5. The automatically focus-adjusting lens for a projector as claimed in claim 4, wherein: the guide part (37) comprises a third positioning protrusion (371) and a fourth positioning protrusion (372), the third positioning protrusion (371) and the fourth positioning protrusion (372) are arranged on the third positioning cylinder (35) at intervals, a second sensor (f) used for the positions of the third positioning protrusion (371) and the fourth positioning protrusion (372) is arranged on the third positioning protrusion (371), and the output end of the second sensor (f) is electrically connected with the input end of the control panel (2).

6. An automatically adjustable focus lens for a projector according to any one of claims 1 to 5, wherein: the biconvex lens (4), the biconcave lens (5) and the crescent lens (6) are detachably connected with the telescopic component (3).

7. The automatically focus-adjusting lens for a projector as claimed in claim 6, wherein: the projection light source one end of the second rotary drum (32) or the third positioning drum (35) which is close to the projector main body (1) is provided with a limit bulge (a 1), one end of the projection light source, which is far away from the projector main body (1), of the second rotary drum (32) or the third positioning drum (35) is in threaded connection with a gland (a 2), a first positioning ring (a 3) is arranged in the second rotary drum (32) or the third positioning drum (35) and between the biconvex lens (4) and the biconcave lens (5), and a second positioning ring (a 4) is arranged in the second rotary drum (32) or the third positioning drum (35) and between the biconvex lens (4) and the crescent lens (6).
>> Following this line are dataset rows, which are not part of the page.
(* Let $(S,d)$ be a metric space, let $\bullet\in\{\mathrm{FM},\mathrm{BL}\}$, and let $\mu$ be a finite signed Borel measure on $S$ that is separable, i.e. there is a separable set $S_0\subset S$ with $|\mu|(S_0)=|\mu|(S)$. Then $$\|\mu\|_\bullet^*=\sup\Big\{\int_S f\,d\mu : f\in E^S_\bullet\Big\}.$$
   Context: $\mathrm{BL}(S)$ is the space of bounded real-valued Lipschitz functions on $S$, $|f|_L=\sup_{x\neq y}|f(x)-f(y)|/d(x,y)$ (with $|f|_L=0$ on a singleton), $\|f\|_{\mathrm{BL}}=\|f\|_\infty+|f|_L$, $\|f\|_{\mathrm{FM}}=\max(\|f\|_\infty,|f|_L)$, $B^S_\bullet=\{f\in\mathrm{BL}(S):\|f\|_\bullet\le1\}$, and $\|\mu\|^*_\bullet=\sup_{f\in B^S_\bullet}\int_S f\,d\mu$. $|\mu|$ is the total variation measure. Subsets $P\subset S$ carry the restricted metric; $\operatorname{ext}$ denotes extreme points and $\operatorname{ext}_*(B^P_\bullet)=\operatorname{ext}(B^P_\bullet)\setminus\{f:|f|=\mathbf{1}\}$. For non-empty $P\subset S$, $f\in\mathrm{BL}(P)$: $\mathcal{E}^{S,0}_P f(x)=\sup_{p\in P}[f(p)-|f|_L d(p,x)]$, $\mathcal{E}^S_P f=\max(\mathcal{E}^{S,0}_P f,-\|f\|_\infty)$. $E^S_{\mathrm{BL}}=\bigcup_{P\subset S\text{ finite}}\mathcal{E}^S_P(\operatorname{ext}_*(B^P_{\mathrm{BL}}))\cup\{\mathbf{1},-\mathbf{1}\}$; $E^S_{\mathrm{FM}}=\bigcup_{P\subset S\text{ finite}}\mathcal{E}^S_P(\operatorname{ext}_*(B^P_{\mathrm{FM}}))\cup\{f\in B^S_{\mathrm{FM}}:|f|=\mathbf{1}\}\cup\{h_P:P\subset S\text{ finite, non-empty}\}$, with $h_P(x)=\max\big(-1,\sup_{p\in P}[1-d(x,p)]\big)$. *)

theory Defs
  imports "HOL-Analysis.Analysis" "HOL-Probability.Probability"
begin

text \<open>Functions on a subset P of the metric space (type 'a) are represented as
  functions 'a => real that vanish outside P (so that convexity / extreme points
  are computed in the vector space of functions on P).\<close>

definition lip_seminorm :: "'a::metric_space set \<Rightarrow> ('a \<Rightarrow> real) \<Rightarrow> real" where
  "lip_seminorm P f =
     (if \<exists>x\<in>P. \<exists>y\<in>P. x \<noteq> y
      then (SUP xy \<in> {(x,y). x \<in> P \<and> y \<in> P \<and> x \<noteq> y}. \<bar>f (fst xy) - f (snd xy)\<bar> / dist (fst xy) (snd xy))
      else 0)"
8. The automatically focus-adjusting lens for a projector as claimed in claim 6, wherein: a protective cover (8) is detachably arranged on the projector main body (1) and positioned on one side of the crescent lens (6) away from the biconvex lens (4).

9. The automatically focus-adjusting lens for a projector as claimed in claim 8, wherein: the protective cover (8) is provided with a clamping pin (g) which is clamped with the projector main body (1).